For the purposes of the install I decided to go with Gentoo. Yeah yeah, I know; memes aside, Gentoo made sense for this project. They make it really easy to apply custom patches to the kernel and other system packages. There’s a rootfs with all the files of a base install, but they also provide an aarch64 installation ISO. I figured I could find some way to boot up that ISO and go from there (narrator: she did not boot up that ISO). So I flashed the ISO onto an SD card, and then went on to solve the u-boot part of the problem.

dd if=/path/to/gentoo.iso of=/dev/mySDCard bs=4M status=progress

First Circle - u-boot

u-boot is a bootloader that’s commonly used in embedded systems. It’s got a lot of flexibility in the build process that lets devs adapt it for whatever convoluted boot process the system needs to get going. That’s important because the boot process for ARM SoCs is almost entirely non-standard, and any similarities between chips is largely incidental. At the extreme end you’ve got those awful broadcom chips in the raspberry pi that infamously use the GPU to boot the system. Thankfully we don’t have to deal with anything that bad here.

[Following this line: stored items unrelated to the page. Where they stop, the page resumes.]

(* Let $m,n,d,\boldsymbol\alpha,\boldsymbol\beta$ be as in the context, $t_0>1$, and let $\psi:[t_0,\infty)\to(0,\infty)$ be continuous and decreasing with $\frac{1}{2t}\le\psi(t)<\frac1t$ for all $t\ge t_0$, and such that there exist $C_\psi\ge1$, $\eta\in(0,1)$ with $F_\psi(t_2)\le C_\psi F_\psi(t_1)$ whenever $t_0\le t_1\le t_2\le t_1e^{(\log t_1)^\eta}$, where $F_\psi(t)=1-t\psi(t)$. Set $s_0=\frac md\log t_0-\frac nd\log\psi(t_0)$. Define $r:[s_0,\infty)\to\mathbb R$ by: for $s\ge s_0$ let $t=t(s)\ge t_0$ be the unique solution of $s=\frac md\log t-\frac nd\log\psi(t)$, and put $r(s)=-\frac1d\log(t\psi(t))$. Then $r$ is continuous with values in $(0,\frac1d)$, and: (a) there is $C_r\ge1$ and $s_*$ such that $r(s_2)\le C_r r(s_1)$ whenever $s_*\le s_1\le s_2\le s_1+s_1^\eta$; (b) for all fixed $\alpha,\beta>0$, $\sum_{k\ge t_0}k^{-1}F_\psi(k)^\alpha\log^\beta(1/F_\psi(k))=\infty$ if and only if $\sum_{k\ge s_0}r(k)^\alpha\log^\beta(1/r(k))=\infty$ (sums over integers); (c) for any $A\in M_{m,n}(\mathbb R/\mathbb Z)$: if $\Delta(g_s\Lambda_A)>\omega_1 r(s)$ for all sufficiently large $s$, then $A$ is $\psi_{\boldsymbol\alpha,\boldsymbol\beta}$-Dirichlet; and if $\Delta(g_s\Lambda_A)\le\omega_2r(s)$ for an unbounded set of $s$, then $A$ is not $\psi_{\boldsymbol\alpha,\boldsymbol\beta}$-Dirichlet.
   Context: $d=m+n$; weight vectors $\boldsymbol\alpha\in(\mathbb R_{>0})^m$, $\boldsymbol\beta\in(\mathbb R_{>0})^n$ with coordinates summing to 1. $\omega_1=\max\{m\alpha_i,n\beta_j\}$, $\omega_2=\min\{m\alpha_i,n\beta_j\}$ over $1\le i\le m,1\le j\le n$. $g_s=\mathrm{diag}(e^{\alpha_1s},\dots,e^{\alpha_ms},e^{-\beta_1s},\dots,e^{-\beta_ns})$; $\Lambda_A=\begin{pmatrix}I_m&A\\0&I_n\end{pmatrix}\mathbb Z^d$. For a unimodular lattice $\Lambda\subset\mathbb R^d$, $\Delta(\Lambda)=\sup_{\mathbf v\in\Lambda\setminus\{0\}}\log(1/\|\mathbf v\|)$ with $\|\cdot\|$ the sup norm. Quasi-norms $\|\mathbf x\|_{\boldsymbol\alpha}=\max_i|x_i|^{1/\alpha_i}$, $\|\mathbf y\|_{\boldsymbol\beta}=\max_j|y_j|^{1/\beta_j}$; $A$ is $\psi_{\boldsymbol\alpha,\boldsymbol\beta}$-Dirichlet if for all sufficiently large $t$ there are $\mathbf p\in\mathbb Z^m$, $\mathbf q\in\mathbb Z^n\setminus\{0\}$ with $\|A\mathbf q-\mathbf p\|_{\boldsymbol\alpha}<\psi(t)$, $\|\mathbf q\|_{\boldsymbol\beta}<t$ (a property of $A$ mod $M_{m,n}(\mathbb Z)$). *)

theory Defs
  imports "HOL-Analysis.Analysis"
begin
lemma occ_nested_eq:
  assumes a: "a \<in> occs G T" and b: "b \<in> occs G T"
    and "fst a \<le> fst b" and "occ_end b \<le> occ_end a"
  shows "a = b"
proof -
  obtain pa la where A: "a = (pa, la)" by (cases a)
  obtain pb lb where B: "b = (pb, lb)" by (cases b)
  have ha: "pa + la \<le> length T" "take la (drop pa T) \<in> G" using a A by (auto simp: occs_def)
  have hb: "pb + lb \<le> length T" "take lb (drop pb T) \<in> G" using b B by (auto simp: occs_def)
  have le: "pa \<le> pb" "pb + lb \<le> pa + la" using assms A B by (auto simp: occ_end_def)
  have eq: "take lb (drop pb T) = take lb (drop (pb - pa) (take la (drop pa T)))"
    using le by (simp add: drop_take take_take min_def)
  have "sublist (take lb (drop pb T)) (take la (drop pa T))"
    unfolding eq by (meson sublist_drop sublist_take sublist_order.order_trans)
  then have "take lb (drop pb T) = take la (drop pa T)" using minimal ha hb by blast
  moreover have "length (take lb (drop pb T)) = lb" using hb(1) by simp
  moreover have "length (take la (drop pa T)) = la" using ha(1) by simp
  ultimately have "lb = la" by simp
  then show ?thesis using le A B by simp
qed

lemma occ_end_less_imp_fst_less:
  "a \<in> occs G T \<Longrightarrow> b \<in> occs G T \<Longrightarrow> occ_end a < occ_end b \<Longrightarrow> fst a < fst b"
  using occ_nested_eq[of b T a] by force

lemma fst_less_imp_occ_end_less:
  "a \<in> occs G T \<Longrightarrow> b \<in> occs G T \<Longrightarrow> fst a < fst b \<Longrightarrow> occ_end a < occ_end b"
  using occ_nested_eq[of a T b] by force

lemma occ_end_inj: "a \<in> occs G T \<Longrightarrow> b \<in> occs G T \<Longrightarrow> occ_end a = occ_end b \<Longrightarrow> a = b"
  using occ_nested_eq[of a T b] occ_nested_eq[of b T a] by (cases "fst a \<le> fst b") auto

lemma inj_on_fst_occs: "inj_on fst (occs G T)"
proof (rule inj_onI)
  fix a b assume "a \<in> occs G T" "b \<in> occs G T" "fst a = fst b"
  then show "a = b"
    using occ_nested_eq[of a T b] occ_nested_eq[of b T a] by (cases "occ_end a \<le> occ_end b") auto
qed

lemma anick_numbering_first_letter: "anick_numbering (occs G T) first_letter_less"
  unfolding anick_numbering_def
proof (intro ballI impI)
  fix a b c assume a: "a \<in> occs G T" and b: "b \<in> occs G T"
    and ab: "first_letter_less a b" and bc: "first_letter_less b c"
  have "occ_end a < occ_end b"
    using fst_less_imp_occ_end_less[OF a b] ab by (simp add: first_letter_less_def)
  then show "occ_pos a \<inter> occ_pos c \<subseteq> occ_pos b \<inter> occ_pos c"
    using ab bc unfolding occ_pos_def first_letter_less_def occ_end_def by auto
qed

lemma not_earlier_occ_eq:
  assumes "I \<subseteq> occs G T" and "finite I" and "l \<in> I" and "occ_end l = last_end I"
    and "x \<in> I" and "x \<notin> earlier_occs I"
  shows "x = l"
proof -
  have "occ_end x = last_end I"
    using assms(2,5,6) occ_end_le_last_end[of I x] by (simp add: earlier_occs_def)
  then show ?thesis using occ_end_inj assms by (metis subsetD)
qed

end

locale anick_relations = reduced_relations +
  assumes rel_len: "\<forall>w\<in>G. 2 \<le> length w"
begin
text \<open>
  Write \<open>w(\<tau>) = (log \<tau>)^{p*} / \<tau>^q\<close> and \<open>K = (p*/(C0 p))^{p*-1}\<close>. Multiplying the inequality
  by \<open>(log t)^{p*}\<close> and absorbing \<open>p* (log t)^{p*-1} \<Phi> / t\<close> into the dissipation
  \<open>C0 (log t)^{p*} |\<Phi>|^p / t\<close> by Young's inequality shows that
  \<open>(log t)^{p*} \<Phi>(t) - K log t - C1 \<integral>\<^sub>t\<^sub>0\<^sup>t w\<close> is nonincreasing. Hence
  \<open>(log t)^{p*} \<Phi>(t) \<le> A + K log t\<close>, where \<open>A\<close> is the bracket in \<open>C2\<close>, and dividing by
  \<open>(log t)^{p*}\<close> gives the claim via \<open>log t \<ge> log 2\<close>, provided \<open>A \<ge> 0\<close>.
  If \<open>A < 0\<close>, put \<open>c = C1 / (log t0)^{p*}\<close> and \<open>v = -\<Phi> + c \<integral>\<^sub>t\<^sub>0\<^sup>t w - c \<integral>\<^sub>2\<^sup>\<infinity> w\<close>: then
  \<open>v(t0) > 0\<close>, \<open>v \<le> |\<Phi>|\<close> and \<open>v' \<ge> C0 |\<Phi>|^p / t \<ge> C0 v^p / t\<close>, so the positive function
  \<open>v^{1-p} + (p-1) C0 log t\<close> is nonincreasing, which is absurd since \<open>log t\<close> is unbounded.
\<close>

lemma DERIV_within_nonpos_imp_le:
  fixes f f' :: "real \<Rightarrow> real"
  assumes "a \<le> b" and "{a..b} \<subseteq> S"
    and deriv: "\<And>x. x \<in> {a..b} \<Longrightarrow> (f has_real_derivative f' x) (at x within S)"
    and nonpos: "\<And>x. a < x \<Longrightarrow> x < b \<Longrightarrow> f' x \<le> 0"
  shows "f b \<le> f a"
proof (rule DERIV_nonpos_imp_decreasing_open[OF \<open>a \<le> b\<close>])
  fix x assume x: "a < x" "x < b"
  have "(f has_real_derivative f' x) (at x within {a<..<b})"
    using x \<open>{a..b} \<subseteq> S\<close>
    by (intro has_field_derivative_subset[OF deriv[of x]]) auto
  then have "(f has_real_derivative f' x) (at x)"
    using x at_within_open[of x "{a<..<b}"] by simp
  then show "\<exists>y. (f has_real_derivative y) (at x) \<and> y \<le> 0"
    using nonpos x by blast
next
  show "continuous_on {a..b} f"
    unfolding continuous_on_eq_continuous_within
    using deriv DERIV_continuous continuous_within_subset \<open>{a..b} \<subseteq> S\<close> by blast
qed
lemma is_rlcm_cls_left_atoms:
  assumes "path p" "path q" "path k" "is_rlcm Lam A src tgt sigma (cl p) (cl q) (cl k)"
  shows "left_atoms sigma (snd k) = left_atoms sigma (snd p) \<union># left_atoms sigma (snd q)"
proof -
  have "ldiv Lam A src tgt sigma (cl p) (cl k)" "ldiv Lam A src tgt sigma (cl q) (cl k)"
    using assms(4) unfolding is_rlcm_def by blast+
  then have k: "fst k = fst p" "fst k = fst q"
    "left_atoms sigma (snd p) \<union># left_atoms sigma (snd q) \<subseteq># left_atoms sigma (snd k)"
    using ldiv_cls_iff[OF assms(1,3)] ldiv_cls_iff[OF assms(2,3)] by simp_all
  have v: "fst p \<in> Lam"
    using assms(1) by (simp add: is_path_def)
  have "set_mset (left_atoms sigma (snd p) \<union># left_atoms sigma (snd q)) \<subseteq> out (fst p)"
    using set_left_atoms[of "fst p" "snd p"] set_left_atoms[of "fst q" "snd q"] assms(1,2) k(1,2)
    by auto
  then obtain h where h: "path (fst p, h)"
    "left_atoms sigma h = left_atoms sigma (snd p) \<union># left_atoms sigma (snd q)"
    by (rule left_atoms_surj[OF v])
  then have "ldiv Lam A src tgt sigma (cl p) (cl (fst p, h))"
    "ldiv Lam A src tgt sigma (cl q) (cl (fst p, h))"
    using ldiv_cls_iff[OF assms(1) h(1)] ldiv_cls_iff[OF assms(2) h(1)] k(1,2) by simp_all
  moreover have "cl (fst p, h) \<in> Mor Lam A src tgt sigma"
    using h(1) by (auto simp: Mor_def)
  ultimately have "ldiv Lam A src tgt sigma (cl k) (cl (fst p, h))"
    using assms(4) unfolding is_rlcm_def by blast
  then have "left_atoms sigma (snd k) \<subseteq># left_atoms sigma h"
    using ldiv_cls_iff[OF assms(3) h(1)] by simp
  with k(3) h(2) show ?thesis
    by (simp add: subset_mset.antisym)
qed

lemma is_rlcm_clsI:
  assumes "path p" "path q" "path k" "fst p = fst k" "fst q = fst k"
    and "left_atoms sigma (snd k) = left_atoms sigma (snd p) \<union># left_atoms sigma (snd q)"
  shows "is_rlcm Lam A src tgt sigma (cl p) (cl q) (cl k)"
proof -
  have "ldiv Lam A src tgt sigma (cl k) m'"
    if m': "m' \<in> Mor Lam A src tgt sigma" "ldiv Lam A src tgt sigma (cl p) m'"
      "ldiv Lam A src tgt sigma (cl q) m'" for m'
  proof -
    obtain k' where k': "path k'" "m' = cl k'"
      using m'(1) unfolding Mor_def by blast
    then show ?thesis
      using m'(2,3) ldiv_cls_iff[OF assms(1) k'(1)] ldiv_cls_iff[OF assms(2) k'(1)]
        ldiv_cls_iff[OF assms(3) k'(1)] assms(4-6) by simp
  qed
  moreover have "ldiv Lam A src tgt sigma (cl p) (cl k)" "ldiv Lam A src tgt sigma (cl q) (cl k)"
    using ldiv_cls_iff[OF assms(1,3)] ldiv_cls_iff[OF assms(2,3)] assms(4-6) by simp_all
  ultimately show ?thesis
    unfolding is_rlcm_def by blast
qed
(* A real symmetric $2\times 2$ matrix is perfect copositive if and only if it is a classical perfect matrix whose off-diagonal entry is negative.
   Context: For $B\in\mathcal{S}^n$ (real symmetric $n\times n$ matrices) write $B[v]=v^\top Bv$. Classical notions: for positive definite $Q$, $\min Q=\min\{Q[v]: v\in\mathbb{Z}^n\setminus\{0\}\}$ and $\operatorname{Min}Q=\{v\in\mathbb{Z}^n: Q[v]=\min Q\}$; a positive definite $Q$ is (classically) perfect if it is the unique $Q'\in\mathcal{S}^n$ with $Q'[v]=\min Q$ for all $v\in\operatorname{Min}Q$. Copositive notions: $\mathcal{COP}^n=\{B\in\mathcal{S}^n: B[x]\ge 0\ \forall x\in\mathbb{R}^n_{\ge0}\}$; $B$ is strictly copositive if it lies in the interior of $\mathcal{COP}^n$; $\min_{\mathcal{COP}}B=\inf\{B[v]: v\in\mathbb{Z}^n_{\ge0}\setminus\{0\}\}$, $\operatorname{Min}_{\mathcal{COP}}B=\{v\in\mathbb{Z}^n_{\ge0}: B[v]=\min_{\mathcal{COP}}B\}$; a strictly copositive $P$ is perfect copositive if it is the unique $Q\in\mathcal{S}^n$ with $Q[v]=\min_{\mathcal{COP}}P$ for all $v\in\operatorname{Min}_{\mathcal{COP}}P$. *)

theory Defs
  imports "HOL-Analysis.Analysis"
begin

definition symm :: "real^'n^'n \<Rightarrow> bool" where
  "symm B \<longleftrightarrow> transpose B = B"

definition qf :: "real^'n^'n \<Rightarrow> real^'n \<Rightarrow> real" where
  "qf B v = v \<bullet> (B *v v)"

definition int_vec :: "real^'n \<Rightarrow> bool" where
  "int_vec v \<longleftrightarrow> (\<forall>i. v $ i \<in> \<int>)"

definition nonneg_vec :: "real^'n \<Rightarrow> bool" where
  "nonneg_vec v \<longleftrightarrow> (\<forall>i. v $ i \<ge> 0)"

definition pos_def :: "real^'n^'n \<Rightarrow> bool" where
  "pos_def Q \<longleftrightarrow> symm Q \<and> (\<forall>x. x \<noteq> 0 \<longrightarrow> qf Q x > 0)"

definition min_cl :: "real^'n^'n \<Rightarrow> real" where
  "min_cl Q = Inf {qf Q v | v. int_vec v \<and> v \<noteq> 0}"

definition Min_cl :: "real^'n^'n \<Rightarrow> (real^'n) set" where
  "Min_cl Q = {v. int_vec v \<and> qf Q v = min_cl Q}"
lemma tau_doubling_power:
  assumes "mu_tail_condition M 2" and "0 < \<alpha>"
  shows "\<exists>\<beta>>0. \<exists>C>0. \<forall>\<^sub>F k in sequentially. tau (M \<beta>) k \<le> C * tau (M \<alpha>) (2 ^ n * k)"
  using \<open>0 < \<alpha>\<close>
proof (induction n arbitrary: \<alpha>)
  case 0
  have "\<forall>\<^sub>F k in sequentially. tau (M \<alpha>) k \<le> 1 * tau (M \<alpha>) (2 ^ 0 * k)" by simp
  then show ?case using 0 zero_less_one by blast
next
  case (Suc n)
  obtain \<gamma> C1 where "0 < \<gamma>" "0 < C1"
    and ev1: "\<forall>\<^sub>F k in sequentially. tau (M \<gamma>) k \<le> C1 * tau (M \<alpha>) (2 * k)"
    using tau_doubling[OF assms(1) Suc.prems] by blast
  obtain \<beta> C2 where "0 < \<beta>" "0 < C2"
    and ev2: "\<forall>\<^sub>F k in sequentially. tau (M \<beta>) k \<le> C2 * tau (M \<gamma>) (2 ^ n * k)"
    using Suc.IH[OF \<open>0 < \<gamma>\<close>] by blast
  have "\<forall>\<^sub>F k in sequentially. tau (M \<gamma>) (2 ^ n * k) \<le> C1 * tau (M \<alpha>) (2 * (2 ^ n * k))"
    using eventually_compose_filterlim[OF ev1 mult_nat_left_at_top[of "2 ^ n"]] by simp
  with ev2 have "\<forall>\<^sub>F k in sequentially. tau (M \<beta>) k \<le> (C2 * C1) * tau (M \<alpha>) (2 ^ Suc n * k)"
  proof eventually_elim
    case (elim k)
    then have "tau (M \<beta>) k \<le> C2 * (C1 * tau (M \<alpha>) (2 * (2 ^ n * k)))"
      using \<open>0 < C2\<close> by (meson order_trans mult_left_mono less_imp_le)
    then show ?case by (simp add: mult_ac)
  qed
  moreover have "0 < C2 * C1" using \<open>0 < C1\<close> \<open>0 < C2\<close> by simp
  ultimately show ?case using \<open>0 < \<beta>\<close> by blast
qed

lemma sigma_square_le_sigma_half:
  assumes "mu_tail_condition M 2" and "mu_square_condition M" and "0 < \<alpha>"
  shows "\<exists>\<beta>>0. \<exists>D. \<forall>\<^sub>F j in sequentially. (sigma (M \<alpha>) j)\<^sup>2 \<le> D * sigma (M \<beta>) (j div 2 + 1)"
proof -
  obtain \<gamma> C where "0 < \<gamma>" "0 < C"
    and "\<forall>\<^sub>F k in sequentially. tau (M \<gamma>) k \<le> C * tau (M \<alpha>) (2 ^ 3 * k)"
    using tau_doubling_power[OF assms(1,3)] by blast
  then obtain K where K: "\<And>k. K \<le> k \<Longrightarrow> tau (M \<gamma>) k \<le> C * tau (M \<alpha>) (8 * k)"
    unfolding eventually_sequentially by auto
  obtain \<beta> A where "0 < \<beta>" "1 \<le> A" and square: "\<And>j. (mu (M \<gamma>) j)\<^sup>2 \<le> A * mu (M \<beta>) (2 * j)"
    using assms(2) \<open>0 < \<gamma>\<close> unfolding mu_square_condition_def by blast
  have M\<alpha>: "nq_sequence (M \<alpha>)" and M\<beta>: "nq_sequence (M \<beta>)" and M\<gamma>: "nq_sequence (M \<gamma>)"
    using \<open>0 < \<alpha>\<close> \<open>0 < \<beta>\<close> \<open>0 < \<gamma>\<close> by (auto intro: nq_sequence_M)
  define D where "D = 32 * A * C\<^sup>2 * (tau (M \<alpha>) 1)\<^sup>2 / tau (M \<beta>) 1"
  have "(sigma (M \<alpha>) j)\<^sup>2 \<le> D * sigma (M \<beta>) (j div 2 + 1)" if "4 * K + 2 \<le> j" for j
  proof -
    define h where "h = j div 2 + 1"
    define i where "i = h div 2"
    have "0 < i" "K \<le> i" "2 * i \<le> h" "j \<le> 8 * i" "j \<le> 2 * h"
      using that unfolding h_def i_def by auto
    have "tau (M \<gamma>) i \<le> C * tau (M \<alpha>) j"
      using K[OF \<open>K \<le> i\<close>] tau_le[OF M\<alpha> \<open>j \<le> 8 * i\<close>] \<open>0 < C\<close>
      by (meson order_trans mult_left_mono less_imp_le)
    with \<open>1 \<le> A\<close> have "tau (M \<beta>) h * (real j)\<^sup>2 \<le> 32 * A * C\<^sup>2 * real h * (tau (M \<alpha>) j)\<^sup>2"
      by (intro tau_square_bound[OF M\<alpha> M\<beta> M\<gamma> _ square]) (use \<open>0 < i\<close> \<open>2 * i \<le> h\<close> \<open>j \<le> 8 * i\<close> \<open>j \<le> 2 * h\<close> in auto)
    then show ?thesis
      unfolding D_def h_def[symmetric]
      using sigma_square_le_of_tau_le[OF M\<alpha> M\<beta>] that \<open>0 < i\<close> \<open>2 * i \<le> h\<close> by simp
  qed
  then have "\<forall>\<^sub>F j in sequentially. (sigma (M \<alpha>) j)\<^sup>2 \<le> D * sigma (M \<beta>) (j div 2 + 1)"
    unfolding eventually_sequentially by blast
  with \<open>0 < \<beta>\<close> show ?thesis by blast
qed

If I was doing this when the rock64 came out I’d expect to go looking for some fork of u-boot to work with, but we live in 2022, so I just went for mainline u-boot. Configuring this is a bit like configuring a Linux kernel. First we generate a default config file.

git clone https://github.com/u-boot/u-boot
cd u-boot
make rock64-rk3328_defconfig

Then we edit it interactively with make menuconfig if we want to change anything. Once that’s done we can build the image- except we can’t yet actually.

Second Circle - ARM Trusted Firmware

To actually boot up, u-boot needs to bundle in the ARM Trusted Firmware for the SoC, so we’ve got to go get that.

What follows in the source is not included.